Puglia, the region where Radicanto come from, was one of the main points of departure of emigrants to the rich Italian North. It is a matter of utmost importance today to comprehend how the areas that used to be so poor are now a magnet for people even poorer. It is something that is changing the attitudes of the people, forcing them to face questions that up to now were only address hypothetically. "If I was in your place, I wouldn't have treated you like you are treating me" can finally be put into practice.

Radicanto use traditional texts that talk of emigration in the local language, to force the listener to give the answers to questions have only recently come to understand. It's a radical way of addressing the current social situation and their music has been radicalized a bit as a result. The jazz overtones that were only hinted at in the previous record come to the forefront on Lettere Migranti. There are some songs that are in a pure jazz idiom ("Tondo Viaggio"), while a few others are more traditional ("La Malatedda"). There are also majestic jazz-folk hybrids and these speak loudest of the quintessence of migration that is the hybridization of society, through the intermingling of different customs, mores and traditions. "Stella Pianeta" which is based on a Central Albanian musical theme is probably the one that is the most clearly presented. The instruments used (tambourine, flutes, bouzouki, guitars on the one hand and saxophones, cello, shakers and drums on the other) clarify this distinction further.
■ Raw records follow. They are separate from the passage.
lemma lin_model_diff:
  "lin_model f g a y k z - lin_model f g a y k w = (\<Sum>i<k. a (Suc i) *\<^sub>R g (y i)) \<bullet> (z - w)"
  unfolding lin_model_def
  by (simp add: sum_subtractf[symmetric] inner_sum_left inner_diff_right algebra_simps)

lemma lin_model_Suc:
  "lin_model f g a y (Suc k) z = lin_model f g a y k z + a (Suc k) * (f (y k) + g (y k) \<bullet> (z - y k))"
  unfolding lin_model_def by simp

lemma lin_model_le_sum_mult:
  fixes f :: "'a::euclidean_space \<Rightarrow> real"
  assumes grad: "\<And>z. (f has_derivative (\<lambda>d. g z \<bullet> d)) (at z)"
    and cvx: "convex_on UNIV f"
    and a_nonneg: "\<And>i. a (Suc i) \<ge> 0"
  shows "lin_model f g a y k z \<le> (\<Sum>i<k. a (Suc i)) * f z"
  unfolding lin_model_def sum_distrib_right
  by (intro sum_mono mult_left_mono convex_on_gradient_inequality[OF grad cvx] a_nonneg)

text \<open>\<open>\<psi>\<^sub>k\<close> is \<open>\<parallel>z - x\<^sub>0\<parallel>\<^sup>2/2\<close> plus an affine function; testing the minimiser \<open>v\<close> against
  \<open>v - w\<close>, with \<open>w\<close> the gradient of \<open>\<psi>\<^sub>k\<close> at \<open>v\<close>, shows \<open>w = 0\<close>.\<close>

lemma psi_eq_minimum_plus_dist:
  assumes min: "\<And>z. psi x0 f g a y k v \<le> psi x0 f g a y k z"
  shows "psi x0 f g a y k z = psi x0 f g a y k v + 1/2 * (norm (z - v))^2"
proof -
  define G where "G = (\<Sum>i<k. a (Suc i) *\<^sub>R g (y i))"
  have diff: "psi x0 f g a y k z - psi x0 f g a y k w
      = 1/2 * (norm (z - x0))^2 - 1/2 * (norm (w - x0))^2 + G \<bullet> (z - w)" for z w
    unfolding psi_def using lin_model_diff[of f g a y k z w] G_def by simp
  define w where "w = v - x0 + G"
  have "0 \<le> psi x0 f g a y k (v - w) - psi x0 f g a y k v"
    using min[of "v - w"] by simp
  also have "\<dots> = - 1/2 * (norm w)^2"
    unfolding diff w_def power2_norm_eq_inner
    by (simp add: inner_diff_left inner_diff_right inner_add_left inner_add_right inner_commute algebra_simps)
  finally have "G = x0 - v"
    unfolding w_def by (simp add: algebra_simps)
  then have "psi x0 f g a y k z - psi x0 f g a y k v
      = 1/2 * (norm (z - x0))^2 - 1/2 * (norm (v - x0))^2 + (x0 - v) \<bullet> (z - v)"
    using diff[of z v] by simp
  also have "\<dots> = 1/2 * (norm (z - v))^2"
    unfolding power2_norm_eq_inner
    by (simp add: inner_diff_left inner_diff_right inner_commute algebra_simps)
  finally show ?thesis
    by simp
qed

locale agmsdr =
  fixes f :: "'a::euclidean_space \<Rightarrow> real" and g :: "'a \<Rightarrow> 'a" and L :: real
    and x0 :: 'a and x v y :: "nat \<Rightarrow> 'a" and A a beta h :: "nat \<Rightarrow> real"
  assumes L_pos: "L > 0"
    and grad: "\<And>z. (f has_derivative (\<lambda>d. g z \<bullet> d)) (at z)"
    and lip: "\<And>z w. norm (g z - g w) \<le> L * norm (z - w)"
    and cvx: "convex_on UNIV f"
    and alg: "agmsdr_opt_a f g L x0 x v y A a beta \<or> agmsdr_opt_b f g x0 x v y A a beta h"
    and nonzero: "\<And>i. g (y i) \<noteq> 0"
begin

lemma common: "agmsdr_common f g x0 x v y A a beta"
  using alg unfolding agmsdr_opt_a_def agmsdr_opt_b_def by blast

lemma A_0: "A 0 = 0" and v_0: "v 0 = x0"
  using common unfolding agmsdr_common_def by blast+

lemma A_Suc: "A (Suc k) = A k + a (Suc k)"
  using common unfolding agmsdr_common_def by blast

lemma v_Suc_minimizes: "psi x0 f g a y (Suc k) (v (Suc k)) \<le> psi x0 f g a y (Suc k) z"
  using common unfolding agmsdr_common_def by blast

lemma line_search_optimality:
  "g (y k) \<bullet> (x k - y k) \<ge> 0" "g (y k) \<bullet> (v k - y k) \<ge> 0"
  using common segment_line_search_optimality[OF grad, of "beta k" "v k" "x k" "y k"]
  unfolding agmsdr_common_def by auto

lemma opt_a_step:
  assumes "agmsdr_opt_a f g L x0 x v y A a beta"
  shows "x (Suc k) = y k - (1 / L) *\<^sub>R g (y k)" "a (Suc k) > 0"
    and "(a (Suc k))^2 / A (Suc k) = 1 / L"
  using assms unfolding agmsdr_opt_a_def A_Suc by auto

lemma opt_b_step:
  assumes "\<not> agmsdr_opt_a f g L x0 x v y A a beta"
  shows "t \<ge> 0 \<Longrightarrow> f (x (Suc k)) \<le> f (y k - t *\<^sub>R ((1 / norm (g (y k))) *\<^sub>R g (y k)))"
    and "f (y k) - (a (Suc k))^2 / (2 * A (Suc k)) * (norm (g (y k)))^2 = f (x (Suc k))"
    and "f (y k) - b^2 / (2 * (A k + b)) * (norm (g (y k)))^2 = f (x (Suc k)) \<Longrightarrow> b \<le> a (Suc k)"
proof -
  have "agmsdr_opt_b f g x0 x v y A a beta h"
    using assms alg by blast
  then show "t \<ge> 0 \<Longrightarrow> f (x (Suc k)) \<le> f (y k - t *\<^sub>R ((1 / norm (g (y k))) *\<^sub>R g (y k)))"
    and "f (y k) - (a (Suc k))^2 / (2 * A (Suc k)) * (norm (g (y k)))^2 = f (x (Suc k))"
    and "f (y k) - b^2 / (2 * (A k + b)) * (norm (g (y k)))^2 = f (x (Suc k)) \<Longrightarrow> b \<le> a (Suc k)"
    unfolding agmsdr_opt_b_def A_Suc by auto
qed

text \<open>Both options do at least as well as the plain gradient step \<open>y\<^sub>k - \<nabla>f(y\<^sub>k)/L\<close>; for option (b)
  compare the exact line search with \<open>h = \<parallel>\<nabla>f(y\<^sub>k)\<parallel>/L\<close>.\<close>

lemma gradient_step_decrease: "f (x (Suc k)) \<le> f (y k) - (norm (g (y k)))^2 / (2 * L)"
proof -
  let ?G = "g (y k)"
  have "f (y k + (- (1/L) *\<^sub>R ?G)) \<le> f (y k) + ?G \<bullet> (- (1/L) *\<^sub>R ?G) + L/2 * (norm (- (1/L) *\<^sub>R ?G))^2"
    by (rule lipschitz_gradient_upper_bound[OF grad lip])
  also have "\<dots> = f (y k) - (norm ?G)^2 / (2 * L)"
    using L_pos by (simp add: power2_norm_eq_inner[symmetric] power2_eq_square field_simps)
  finally have step: "f (y k - (1/L) *\<^sub>R ?G) \<le> f (y k) - (norm ?G)^2 / (2 * L)"
    by simp
  show ?thesis
  proof (cases "agmsdr_opt_a f g L x0 x v y A a beta")
    case True
    with step show ?thesis
      by (simp add: opt_a_step)
  next
    case False
    have "f (x (Suc k)) \<le> f (y k - (norm ?G / L) *\<^sub>R ((1 / norm ?G) *\<^sub>R ?G))"
      using L_pos by (intro opt_b_step(1)[OF False]) simp
    also have "(norm ?G / L) *\<^sub>R ((1 / norm ?G) *\<^sub>R ?G) = (1/L) *\<^sub>R ?G"
      using nonzero[of k] by simp
    finally show ?thesis
      using step by simp
  qed
qed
The inclusion of a Paul Verlaine poem also points to a band that has moved onward.

The record comes to a close with three compositions from a soundtrack to the film "La Casa delle Donne'" (The Women's House) that are not quite related to the rest of the record. They are enjoyable nonetheless and probably hint at the next logical step for a group of musicians who have an uncanny ability to create virtual landscapes of great detail through their music.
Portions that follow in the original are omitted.